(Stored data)
lemma card_inter_exchange_closed:
  assumes mb: "matroid_bases E Bm" and G: "exchange_closed Bm G" and J': "J' \<in> Bm"
  shows "J \<in> Bm \<Longrightarrow> card (J \<inter> G) = card (J' \<inter> G)"
proof (induction "card (J - J')" arbitrary: J rule: less_induct)
  case less
  have fJ: "finite J" "finite J'" using matroid_basesD(4)[OF mb] less.prems J' by auto
  show ?case
  proof (cases "J - J' = {}")
    case True
    have "J' - J = {}"
    proof (rule ccontr)
      assume "J' - J \<noteq> {}"
      then obtain x where "x \<in> J'" "x \<notin> J" by auto
      then obtain y where "y \<in> J" "y \<notin> J'" using matroid_basesD(5)[OF mb J' less.prems] by blast
      thus False using True by auto
    qed
    hence "J = J'" using True by auto
    thus ?thesis by simp
  next
    case False
    then obtain x where x: "x \<in> J" "x \<notin> J'" by auto
    obtain y where y: "y \<in> J'" "y \<notin> J" "insert y (J - {x}) \<in> Bm" "exchangeable Bm x y"
      using matroid_bases_exchangeableE[OF mb less.prems J' x] by blast
    let ?J1 = "insert y (J - {x})"
    have xy: "x \<in> G \<longleftrightarrow> y \<in> G" using G y(4) unfolding exchange_closed_def by blast
    have "card (?J1 \<inter> G) = card (J \<inter> G)"
    proof (cases "x \<in> G")
      case True
      hence "?J1 \<inter> G = insert y (J \<inter> G - {x})" using xy by auto
      moreover have "card (insert y (J \<inter> G - {x})) = card (J \<inter> G)"
        by (rule card_exchange) (use fJ x y True in auto)
      ultimately show ?thesis by simp
    next
      case False
      hence "?J1 \<inter> G = J \<inter> G" using xy by auto
      thus ?thesis by simp
    qed
    moreover have "card (?J1 - J') < card (J - J')"
    proof -
      have "?J1 - J' = (J - J') - {x}" using y x by auto
      thus ?thesis using x fJ by (intro psubset_card_mono) auto
    qed
    ultimately show ?thesis using less.hyps[of ?J1] y(3) by simp
  qed
qed

lemma exchange_closed_swap:
  assumes mb: "matroid_bases E Bm" and G: "exchange_closed Bm G" and J': "J' \<in> Bm"
  shows "J \<in> Bm \<Longrightarrow> (J - G) \<union> (J' \<inter> G) \<in> Bm"
proof (induction "card (J \<inter> G - J')" arbitrary: J rule: less_induct)
  case less
  have fJ: "finite J" "finite J'" using matroid_basesD(4)[OF mb] less.prems J' by auto
  show ?case
  proof (cases "J \<inter> G \<subseteq> J'")
    case True
    have "card (J \<inter> G) = card (J' \<inter> G)" by (rule card_inter_exchange_closed[OF mb G J' less.prems])
    hence "J \<inter> G = J' \<inter> G" using True fJ by (intro card_seteq) auto
    hence "(J - G) \<union> (J' \<inter> G) = J" by auto
    thus ?thesis using less.prems by simp
  next
    case False
    then obtain e where e: "e \<in> J" "e \<in> G" "e \<notin> J'" by auto
    obtain y where y: "y \<in> J'" "y \<notin> J" "insert y (J - {e}) \<in> Bm" "exchangeable Bm e y"
      using matroid_bases_exchangeableE[OF mb less.prems J' e(1) e(3)] by blast
    have yG: "y \<in> G" using G y(4) e(2) unfolding exchange_closed_def by blast
    let ?J1 = "insert y (J - {e})"
    have "?J1 \<inter> G - J' = (J \<inter> G - J') - {e}" using y yG e by auto
    hence "card (?J1 \<inter> G - J') < card (J \<inter> G - J')" using e fJ by (intro psubset_card_mono) auto
    hence "(?J1 - G) \<union> (J' \<inter> G) \<in> Bm" using less.hyps y(3) by blast
    moreover have "?J1 - G = J - G" using yG e by auto
    ultimately show ?thesis by simp
  qed
qed

lemma matroid_bases_inter_exchange_closed:
  assumes mb: "matroid_bases E Bm" and G: "exchange_closed Bm G" and GE: "G \<subseteq> E"
  shows "matroid_bases G ((\<lambda>J. J \<inter> G) ` Bm)"
  unfolding matroid_bases_def
proof (intro conjI ballI)
  show "finite G" using matroid_basesD(1)[OF mb] GE finite_subset by blast
  show "(\<lambda>J. J \<inter> G) ` Bm \<noteq> {}" using matroid_basesD(2)[OF mb] by simp
  fix I assume "I \<in> (\<lambda>J. J \<inter> G) ` Bm"
  thus "I \<subseteq> G" by auto
next
  fix I1 I2 x assume I1: "I1 \<in> (\<lambda>J. J \<inter> G) ` Bm" and I2: "I2 \<in> (\<lambda>J. J \<inter> G) ` Bm" and x: "x \<in> I1 - I2"
  obtain J where J: "J \<in> Bm" "I1 = J \<inter> G" using I1 by blast
  obtain J' where J': "J' \<in> Bm" "I2 = J' \<inter> G" using I2 by blast
  have xJ: "x \<in> J" "x \<notin> J'" "x \<in> G" using x J J' by auto
  obtain y where y: "y \<in> J'" "y \<notin> J" "insert y (J - {x}) \<in> Bm" "exchangeable Bm x y"
    using matroid_bases_exchangeableE[OF mb J(1) J'(1) xJ(1,2)] by blast
  have yG: "y \<in> G" using G y(4) xJ(3) unfolding exchange_closed_def by blast
  have "insert y (I1 - {x}) = insert y (J - {x}) \<inter> G" using J yG by auto
  hence "insert y (I1 - {x}) \<in> (\<lambda>J. J \<inter> G) ` Bm" using y(3) by blast
  moreover have "y \<in> I2 - I1" using y yG J J' by auto
  ultimately show "\<exists>y\<in>I2 - I1. insert y (I1 - {x}) \<in> (\<lambda>J. J \<inter> G) ` Bm" by blast
qed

*Aim of the exercise:* Tally up the lines holding the word "lemma" in the data above, and answer with that figure only.

*Result for this exercise:* 3